◆ Directions ◆
Please print the entries below exactly, from the line with "I = (\<Prod>r<m." through the line with "fix i assume", including both of those lines and leaving out all others.

(Dataset entries)
■ ■ ■ ■ ■ ■ ■

lemma weight_glue_label:
  assumes I: "I \<in> Q m n"
  shows "weight n A X (glue n I J \<pi> \<tau>) (label n I \<kappa>) = block_term m n A X I J \<kappa> \<pi> \<tau>"
proof -
  have fI: "finite I" and Is: "I \<subseteq> {..<n}" "card I = m" using I by (auto simp: Q_finite mem_Q)
  note C = Q_complement[OF I]
  define F where "F i = (case label n I \<kappa> i of None \<Rightarrow> A i (glue n I J \<pi> \<tau> i)
      | Some k \<Rightarrow> X k i (glue n I J \<pi> \<tau> i))" for i
  have "weight n A X (glue n I J \<pi> \<tau>) (label n I \<kappa>) = prod F I * prod F ({..<n} - I)"
    unfolding weight_def F_def[symmetric]
    using prod.union_disjoint[of I "{..<n} - I" F] fI C Is by (simp add: Un_absorb1)
  also have "prod F I = (\<Prod>r<m. F (enum_set I r))"
    using prod.reindex_bij_betw[OF bij_enum_set[OF fI], of F] Is by simp
  also have "\<dots> = (\<Prod>r<m. X (\<kappa> r) (enum_set I r) (enum_set J (\<pi> r)))"
  proof (rule prod.cong[OF refl])
    fix r assume r: "r \<in> {..<m}"
    then have "enum_set I r \<in> I" using enum_set_in[OF fI] Is by simp
    then show "F (enum_set I r) = X (\<kappa> r) (enum_set I r) (enum_set J (\<pi> r))"
      using Is fI r by (auto simp: F_def label_def glue_def transfer_def)
  qed
  also have "prod F ({..<n} - I) = (\<Prod>i<n - m. F (enum_set ({..<n} - I) i))"
    using prod.reindex_bij_betw[OF bij_enum_set[of "{..<n} - I"], of F] C by simp
  also have "\<dots> = (\<Prod>i<n - m. A (enum_set ({..<n} - I) i) (enum_set ({..<n} - J) (\<tau> i)))"
  proof (rule prod.cong[OF refl])
    fix i assume i: "i \<in> {..<n - m}"
    then have "enum_set ({..<n} - I) i \<in> {..<n} - I" using enum_set_in[of "{..<n} - I"] C by simp
    then show "F (enum_set ({..<n} - I) i) = A (enum_set ({..<n} - I) i) (enum_set ({..<n} - J) (\<tau> i))"
      using C i by (simp add: F_def label_def glue_def transfer_def)
  qed
  finally show ?thesis by (simp add: block_term_def mult.commute)
qed

lemma fact_Delta_p:
  "of_nat (fact m) * Delta_p m T = (\<Sum>\<kappa>\<in>perms m. \<Sum>\<pi>\<in>perms m. \<Prod>r<m. T (\<kappa> r) r (\<pi> r))"
proof -
  have "of_nat (fact m) * Delta_p m T = (\<Sum>\<sigma>\<in>perms m. \<Sum>\<pi>\<in>perms m. \<Prod>r<m. T (\<sigma> (\<pi> r)) r (\<pi> r))"
    by (simp add: Delta_p_def per_def atLeast0LessThan)
  also have "\<dots> = (\<Sum>\<pi>\<in>perms m. \<Sum>\<sigma>\<in>perms m. \<Prod>r<m. T ((\<sigma> \<circ> \<pi>) r) r (\<pi> r))"
    by (subst sum.swap) simp
  also have "\<dots> = (\<Sum>\<pi>\<in>perms m. \<Sum>\<kappa>\<in>perms m. \<Prod>r<m. T (\<kappa> r) r (\<pi> r))"
    by (intro sum.cong refl sum_permutations_compose_right[symmetric]) simp
  finally show ?thesis by (rule trans[OF _ sum.swap])
qed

■ ■ ■ ■ ■ ■ ■

◆ Exercise result ◆
  also have "prod F I = (\<Prod>r<m. F (enum_set I r))"
    using prod.reindex_bij_betw[OF bij_enum_set[OF fI], of F] Is by simp
  also have "\<dots> = (\<Prod>r<m. X (\<kappa> r) (enum_set I r) (enum_set J (\<pi> r)))"
  proof (rule prod.cong[OF refl])
    fix r assume r: "r \<in> {..<m}"
    then have "enum_set I r \<in> I" using enum_set_in[OF fI] Is by simp
    then show "F (enum_set I r) = X (\<kappa> r) (enum_set I r) (enum_set J (\<pi> r))"
      using Is fI r by (auto simp: F_def label_def glue_def transfer_def)
  qed
  also have "prod F ({..<n} - I) = (\<Prod>i<n - m. F (enum_set ({..<n} - I) i))"
    using prod.reindex_bij_betw[OF bij_enum_set[of "{..<n} - I"], of F] C by simp
  also have "\<dots> = (\<Prod>i<n - m. A (enum_set ({..<n} - I) i) (enum_set ({..<n} - J) (\<tau> i)))"
  proof (rule prod.cong[OF refl])
    fix i assume i: "i \<in> {..<n - m}"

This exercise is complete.